**WHAT IS BEING ASKED**
For each line below, check whether "moreover" is present. Report how many lines have it, nothing else.
● ● ● ● ● ● ●
lemma Phi_subset_delta:
  assumes "P \<in> Con" "Atom ` P \<subseteq> S"
  shows "Phi A Con ent (Atom ` P) S \<subseteq> delta A Con ent P"
proof (rule Phi_subsetI)
  show "Atom ` P \<subseteq> delta A Con ent P" using Atom_subset_delta[OF assms(1)] .
  fix X c
  assume fires: "(X, c) \<in> Delta A Con ent" "X \<subseteq> delta A Con ent P"
    and consistent: "consistent A Con ent (insert c S)"
  from fires(1) consider (Brk) Y where "X = Atom ` Y" "c = Brk Y" "Y \<in> Con"
    | (Atom) Y a where "X = {Brk Y}" "c = Atom a" "a \<in> tilde A ent Y"
    unfolding Delta_def by blast
  then show "c \<in> delta A Con ent P"
  proof cases
    case Brk
    have "Y \<subseteq> tilde A ent P" using fires(2) Brk(1) by auto
    moreover have "ent Y P"
      using consistent_Brk_ent[OF consistent _ _ Con_finite[OF assms(1)]] Brk(2) assms(2) by blast
    then have "P \<subseteq> tilde A ent Y" by (rule ent_imp_subset_tilde)
    ultimately show ?thesis
      using tilde_eq_if_subset_tilde[OF Brk(3) assms(1)] Brk(2,3) by simp
  next
    case Atom
    then show ?thesis using fires(2) by simp
  qed
qed

lemma is_extension_iff_eq_delta:
  assumes "P \<in> Con"
  shows "is_extension A Con ent (Atom ` P) y \<longleftrightarrow> y = delta A Con ent P"
proof
  assume "is_extension A Con ent (Atom ` P) y"
  then have fixpoint: "Phi A Con ent (Atom ` P) y = y" by (simp add: is_extension_def)
  then have "Atom ` P \<subseteq> y" using subset_Phi by metis
  then have "y \<subseteq> delta A Con ent P" using Phi_subset_delta[OF assms] by (metis fixpoint)
  moreover from this have "delta A Con ent P \<subseteq> y" using delta_subset_Phi[OF assms] by (metis fixpoint)
  ultimately show "y = delta A Con ent P" by (rule subset_antisym)
next
  assume y: "y = delta A Con ent P"
  have "consistent A Con ent (Atom ` P)"
    using consistent_subset[OF consistent_delta] Atom_subset_delta assms by blast
  moreover have "Phi A Con ent (Atom ` P) y = y"
    using Phi_subset_delta[OF assms] delta_subset_Phi[OF assms] Atom_subset_delta[OF assms] y by blast
  ultimately show "is_extension A Con ent (Atom ` P) y" by (simp add: is_extension_def)
qed

end

theorem lemma6:
  fixes A :: "'a set" and Con :: "'a set set" and ent :: "'a set \<Rightarrow> 'a set \<Rightarrow> bool"
  assumes "cumulative A Con ent"
    and "P \<in> Con"
  shows "\<forall>y. is_extension A Con ent (Atom ` P) y \<longleftrightarrow> y = delta A Con ent P"
proof -
  have "cumulative_system A Con ent"
    using assms(1) unfolding cumulative_def
    by unfold_locales blast+
  then show ?thesis using cumulative_system.is_extension_iff_eq_delta assms(2) by blast
qed

end
lemma has_integral_cutoff_flux_derivative_0:
  fixes u :: "real^'n \<Rightarrow> real" and k :: real
  assumes C2: "C2_on (UNIV - {0}) u" and blowup: "filterlim u at_top (at 0)" and r: "0 < r" "r < \<rho>"
  defines "\<psi> \<equiv> bump r \<rho>" and "G \<equiv> cutoff k (k + 1)"
  shows "((\<lambda>x. partial_deriv i \<psi> x * partial_deriv i u x * G (u x)
             + \<psi> x * cutoff' k (k + 1) (u x) * (partial_deriv i u x)\<^sup>2
             + \<psi> x * G (u x) * partial_deriv i (partial_deriv i u) x) has_integral 0) UNIV"
    (is "(?dF has_integral 0) UNIV")
  \<comment> \<open>?dF is the i-th partial derivative of \<psi> G(u) \<partial>_iu, which vanishes near 0 because u blows up there\<close>
proof -
  obtain \<delta> where \<delta>: "0 < \<delta>" "\<And>x. x \<noteq> 0 \<Longrightarrow> norm x < \<delta> \<Longrightarrow> k + 1 \<le> u x"
    using filterlim_at_top_at_0E[OF blowup] by blast
  note u_cont = C2_on_continuous[OF C2] and u_deriv = C2_on_has_real_derivative[OF C2]
  show ?thesis
  proof (rule directional_derivative_has_integral_0_punctured[OF _ _ _ \<delta>(1)])
    show "continuous_on (UNIV - {0}) (\<lambda>x. \<psi> x * G (u x) * partial_deriv i u x)"
      unfolding \<psi>_def G_def by (intro continuous_intros continuous_on_bump u_cont)
    show "continuous_on (UNIV - {0}) ?dF"
      unfolding \<psi>_def G_def
      by (intro continuous_intros continuous_on_bump continuous_on_partial_deriv_bump u_cont)
    show "((\<lambda>t. \<psi> (y + t *\<^sub>R axis i 1) * G (u (y + t *\<^sub>R axis i 1)) * partial_deriv i u (y + t *\<^sub>R axis i 1))
        has_real_derivative ?dF y) (at 0)" if "y \<noteq> 0" for y
    proof -
      have "((\<lambda>t. G (u (y + t *\<^sub>R axis i 1))) has_real_derivative cutoff' k (k + 1) (u y) * partial_deriv i u y) (at 0)"
        using DERIV_chain2[OF cutoff_has_real_derivative u_deriv(1)] that by (simp add: G_def)
      from DERIV_mult[OF DERIV_mult[OF bump_has_real_derivative_axis this] u_deriv(2)] that
      show ?thesis
        by (simp add: \<psi>_def algebra_simps power2_eq_square)
    qed
    show "\<psi> x * G (u x) * partial_deriv i u x = 0 \<and> ?dF x = 0"
      if "x \<noteq> 0" "norm x < \<delta> \<or> \<rho> \<le> norm x" for x
      using that \<delta>(2)[of x] r bump_eq_0[of r \<rho> x] partial_deriv_bump_eq_0[of r \<rho> x i]
        cutoff_eq_0[of k "k + 1" "u x"] cutoff'_eq_0[of k "k + 1" "u x"]
      by (auto simp: \<psi>_def G_def)
  qed
qed
lemma exists_minimal_invariant_bicombings:
  fixes \<sigma> :: "'a::metric_space \<Rightarrow> 'a \<Rightarrow> real \<Rightarrow> 'a"
  assumes X: "compact (UNIV :: 'a set)" and \<mu>: "conical_midpoint \<mu>" and \<sigma>: "conical_bicombing \<sigma>"
  obtains K :: "('a \<Rightarrow> 'a \<Rightarrow> real \<Rightarrow> 'a) set"
    where "closed K" "K \<noteq> {}" "invariant_bicombings \<mu> K"
      "\<And>L. closed L \<Longrightarrow> L \<noteq> {} \<Longrightarrow> invariant_bicombings \<mu> L \<Longrightarrow> L \<subseteq> K \<Longrightarrow> L = K"
proof -
  have compact: "compact (UNIV :: ('a \<Rightarrow> 'a \<Rightarrow> real \<Rightarrow> 'a) set)"
    using compact_UNIV_fun[OF compact_UNIV_fun[OF compact_UNIV_fun[OF X]]] .
  have nonempty: "Collect conical_bicombing \<noteq> ({} :: ('a \<Rightarrow> 'a \<Rightarrow> real \<Rightarrow> 'a) set)"
    using \<sigma> by blast
  show thesis
    using compact_UNIV_minimal_closed[OF compact closed_conical_bicombings nonempty
        invariant_conical_bicombings[OF \<mu>] invariant_bicombings_Inter] that by blast
qed

theorem lemma4p5:
  assumes "compact (UNIV :: 'a::metric_space set)"
    and "\<exists>\<sigma> :: 'a \<Rightarrow> 'a \<Rightarrow> real \<Rightarrow> 'a. conical_bicombing \<sigma>"
  shows "\<exists>\<sigma> :: 'a \<Rightarrow> 'a \<Rightarrow> real \<Rightarrow> 'a.
           conical_bicombing \<sigma> \<and> reversible_bicombing \<sigma> \<and> iso_equivariant \<sigma>"
proof -
  obtain \<sigma>\<^sub>0 :: "'a \<Rightarrow> 'a \<Rightarrow> real \<Rightarrow> 'a" where \<sigma>\<^sub>0: "conical_bicombing \<sigma>\<^sub>0"
    using assms(2) by blast
  define \<mu> where "\<mu> = (\<lambda>a b. \<sigma>\<^sub>0 a b (1/2))"
  have \<mu>: "conical_midpoint \<mu>"
    unfolding \<mu>_def using \<sigma>\<^sub>0 by (rule conical_midpoint_halfway)
  obtain K where K: "closed K" "K \<noteq> {}" "invariant_bicombings \<mu> K"
    and minimal: "\<And>L. closed L \<Longrightarrow> L \<noteq> {} \<Longrightarrow> invariant_bicombings \<mu> L \<Longrightarrow> L \<subseteq> K \<Longrightarrow> L = K"
    using exists_minimal_invariant_bicombings[OF assms(1) \<mu> \<sigma>\<^sub>0] by blast
  obtain \<sigma> where \<sigma>: "\<sigma> \<in> K"
    using K(2) by blast
  have "conical_bicombing \<sigma>"
    using invariant_bicombings_conical[OF K(3) \<sigma>] .
  moreover have "reversible_bicombing \<sigma>" "iso_equivariant \<sigma>"
    using minimal_invariant_bicombings_reversible_equivariant[OF assms(1) \<mu> K minimal \<sigma>] by blast+
  ultimately show ?thesis
    by blast
qed

end
(* In any execution of $\mathcal{U}$, if some process executes line 6 for operation $o$ at time $T$ (that is, in that iteration it read from $S$ at line 5 a tuple whose time field is $t(o)$ and whose pointer field is $h(o)$), then $o$ is done at time $T$.
   Context: Model: an asynchronous shared-memory system with possibly infinitely many processes, any of which may crash, communicating via atomic shared objects. A fetch-and-increment (F\&I) object stores an integer; F\&I$(C)$ atomically returns the current value and increments it. A generalized-compare-and-swap (GCAS) object $O$ stores a value and supports Read$(O)$ and GCAS$(c, O, v_1, v_2)$, which atomically does: if $c(\text{current value of } O, v_1)$ holds then set $O := v_2$ and return true, else return false. Tuples are compared componentwise for $=$; GCAS$(>, A, (t,-,-), v)$ succeeds iff the time field of $A$ is strictly greater than $t$. Implemented type $\mathcal{T} = (OP, RES, Q, \delta)$ with initial state $s_0$; a procedure $apply_{\mathcal{T}}(o,s)$ returns some $(s',r)$ with $(s,o,s',r)\in\delta$. $NULL$ is a value different from every response of $\mathcal{T}$, and $NOOP$ is a name different from every operation of $\mathcal{T}$. Algorithm $\mathcal{U}$: each process $p$ owns a GCAS object $H_p$ with fields $(time, response)$. Shared objects: F\&I object $C$, initially $1$; GCAS object $A$ with fields $(time, op, ptr)$, initially $(0, NOOP, h(NOOP))$, where $h(NOOP)$ is a pointer to an immutable location containing $(0,\perp)$; GCAS object $S$ with fields $(time, state, response, ptr)$, initially $(0, s_0, \perp, h(NOOP))$. Process $p$ performs operation $o$ by calling DoOp$(o)$: (1) DoOp$(o)$ invoked; (2) $t := $ F\&I$(C)$; (3) $H_p := (t, NULL)$; (4) while $H_p = (t, NULL)$ do: (5) $(t^*, s^*, r^*, roptr^* ) := S$; (6) GCAS$(=, *roptr^*, (t^*, NULL), (t^*, r^* ))$; (7) GCAS$(>, A, (t,-,-), (t, o, \&H_p))$; (8) $(t', o', roptr') := A$; (9) $(\hat t, \hat r) := *roptr'$; (10) if $(\hat t,\hat r) = (t', NULL)$ then (11) $(s', r') := apply_{\mathcal{T}}(o', s^* )$; (12) GCAS$(=, S, (t^*,s^*,r^*,roptr^* ), (t', s', r', roptr'))$; (13) else GCAS$(=, A, (t', o', roptr'), (t, o, \&H_p))$; end while; (14) return $H_p.response$. Notation: an "operation" $o$ means one invocation of DoOp$(o)$ (or the initial $NOOP$). $p(o)$ is the process executing it; $t(o)$ is the value returned by its F\&I at line 2, or $\infty$ if line 2 has not been executed; $h(o)$ is $H_{p(o)}$. For $NOOP$: $t(NOOP)=0$ and $h(NOOP)$ is the immutable location containing $(0,\perp)$. Operation $o$ is done at time $T$ if at some time $T'\le T$, $h(o) = (t(o), r)$ with $r \neq NULL$. "Operation $o$ is stored in $S$" means $S = (t(o), -, r, h(o))$ for some $r$; "line 12 is executed for $o$" means the new value written in that GCAS has time field $t(o)$ and pointer field $h(o)$. *)

theory Defs
  imports Main
begin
● ● ● ● ● ● ●
**OUTPUT FOR THIS EXERCISE**
4